[Goal of the exercise] Transcribe the records word for word, leaving nothing out.
(Extracted records begins)
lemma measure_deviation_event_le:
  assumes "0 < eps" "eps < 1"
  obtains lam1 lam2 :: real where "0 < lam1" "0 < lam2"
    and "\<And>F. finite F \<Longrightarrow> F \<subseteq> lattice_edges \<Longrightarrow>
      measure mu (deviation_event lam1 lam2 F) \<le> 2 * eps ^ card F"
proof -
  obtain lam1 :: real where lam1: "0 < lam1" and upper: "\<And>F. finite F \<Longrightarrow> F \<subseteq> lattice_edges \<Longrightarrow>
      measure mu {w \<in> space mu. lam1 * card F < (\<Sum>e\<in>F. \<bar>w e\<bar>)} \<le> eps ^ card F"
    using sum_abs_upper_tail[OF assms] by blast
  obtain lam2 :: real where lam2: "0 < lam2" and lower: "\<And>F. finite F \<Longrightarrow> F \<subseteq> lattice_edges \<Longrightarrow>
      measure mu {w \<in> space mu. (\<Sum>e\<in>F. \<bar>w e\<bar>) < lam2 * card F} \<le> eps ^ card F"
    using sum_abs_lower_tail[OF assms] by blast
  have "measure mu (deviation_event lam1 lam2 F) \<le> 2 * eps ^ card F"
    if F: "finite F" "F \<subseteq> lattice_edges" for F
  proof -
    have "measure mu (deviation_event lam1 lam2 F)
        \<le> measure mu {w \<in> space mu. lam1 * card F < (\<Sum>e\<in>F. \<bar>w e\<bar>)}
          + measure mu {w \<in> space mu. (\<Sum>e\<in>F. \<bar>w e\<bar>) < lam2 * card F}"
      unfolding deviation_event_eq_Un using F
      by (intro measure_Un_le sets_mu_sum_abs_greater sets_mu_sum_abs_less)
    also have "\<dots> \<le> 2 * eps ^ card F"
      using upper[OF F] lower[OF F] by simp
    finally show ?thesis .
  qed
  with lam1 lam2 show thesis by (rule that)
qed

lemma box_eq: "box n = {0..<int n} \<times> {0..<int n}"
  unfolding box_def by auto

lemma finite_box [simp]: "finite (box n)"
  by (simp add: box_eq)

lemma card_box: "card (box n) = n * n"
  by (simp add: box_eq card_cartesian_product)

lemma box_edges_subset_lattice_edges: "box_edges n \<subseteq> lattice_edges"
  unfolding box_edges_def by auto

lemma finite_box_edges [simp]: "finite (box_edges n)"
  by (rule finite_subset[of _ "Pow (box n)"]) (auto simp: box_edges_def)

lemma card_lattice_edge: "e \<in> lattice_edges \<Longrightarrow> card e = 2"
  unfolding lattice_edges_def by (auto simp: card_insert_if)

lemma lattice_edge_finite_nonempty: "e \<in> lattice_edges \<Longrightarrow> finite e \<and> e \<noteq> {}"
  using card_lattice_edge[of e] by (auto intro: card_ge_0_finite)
(Extracted records ends)
[Task output]
lemma measure_deviation_event_le:
  assumes "0 < eps" "eps < 1"
  obtains lam1 lam2 :: real where "0 < lam1" "0 < lam2"
    and "\<And>F. finite F \<Longrightarrow> F \<subseteq> lattice_edges \<Longrightarrow>
      measure mu (deviation_event lam1 lam2 F) \<le> 2 * eps ^ card F"
proof -
  obtain lam1 :: real where lam1: "0 < lam1" and upper: "\<And>F. finite F \<Longrightarrow> F \<subseteq> lattice_edges \<Longrightarrow>
      measure mu {w \<in> space mu. lam1 * card F < (\<Sum>e\<in>F. \<bar>w e\<bar>)} \<le> eps ^ card F"
    using sum_abs_upper_tail[OF assms] by blast
  obtain lam2 :: real where lam2: "0 < lam2" and lower: "\<And>F. finite F \<Longrightarrow> F \<subseteq> lattice_edges \<Longrightarrow>
      measure mu {w \<in> space mu. (\<Sum>e\<in>F. \<bar>w e\<bar>) < lam2 * card F} \<le> eps ^ card F"
    using sum_abs_lower_tail[OF assms] by blast
  have "measure mu (deviation_event lam1 lam2 F) \<le> 2 * eps ^ card F"
    if F: "finite F" "F \<subseteq> lattice_edges" for F
  proof -
    have "measure mu (deviation_event lam1 lam2 F)
        \<le> measure mu {w \<in> space mu. lam1 * card F < (\<Sum>e\<in>F. \<bar>w e\<bar>)}
          + measure mu {w \<in> space mu. (\<Sum>e\<in>F. \<bar>w e\<bar>) < lam2 * card F}"
      unfolding deviation_event_eq_Un using F
      by (intro measure_Un_le sets_mu_sum_abs_greater sets_mu_sum_abs_less)
    also have "\<dots> \<le> 2 * eps ^ card F"
      using upper[OF F] lower[OF F] by simp
    finally show ?thesis .
  qed
  with lam1 lam2 show thesis by (rule that)
qed

lemma box_eq: "box n = {0..<int n} \<times> {0..<int n}"
  unfolding box_def by auto

lemma finite_box [simp]: "finite (box n)"
  by (simp add: box_eq)

lemma card_box: "card (box n) = n * n"
  by (simp add: box_eq card_cartesian_product)

lemma box_edges_subset_lattice_edges: "box_edges n \<subseteq> lattice_edges"
  unfolding box_edges_def by auto

lemma finite_box_edges [simp]: "finite (box_edges n)"
  by (rule finite_subset[of _ "Pow (box n)"]) (auto simp: box_edges_def)

lemma card_lattice_edge: "e \<in> lattice_edges \<Longrightarrow> card e = 2"
  unfolding lattice_edges_def by (auto simp: card_insert_if)

lemma lattice_edge_finite_nonempty: "e \<in> lattice_edges \<Longrightarrow> finite e \<and> e \<noteq> {}"
  using card_lattice_edge[of e] by (auto intro: card_ge_0_finite)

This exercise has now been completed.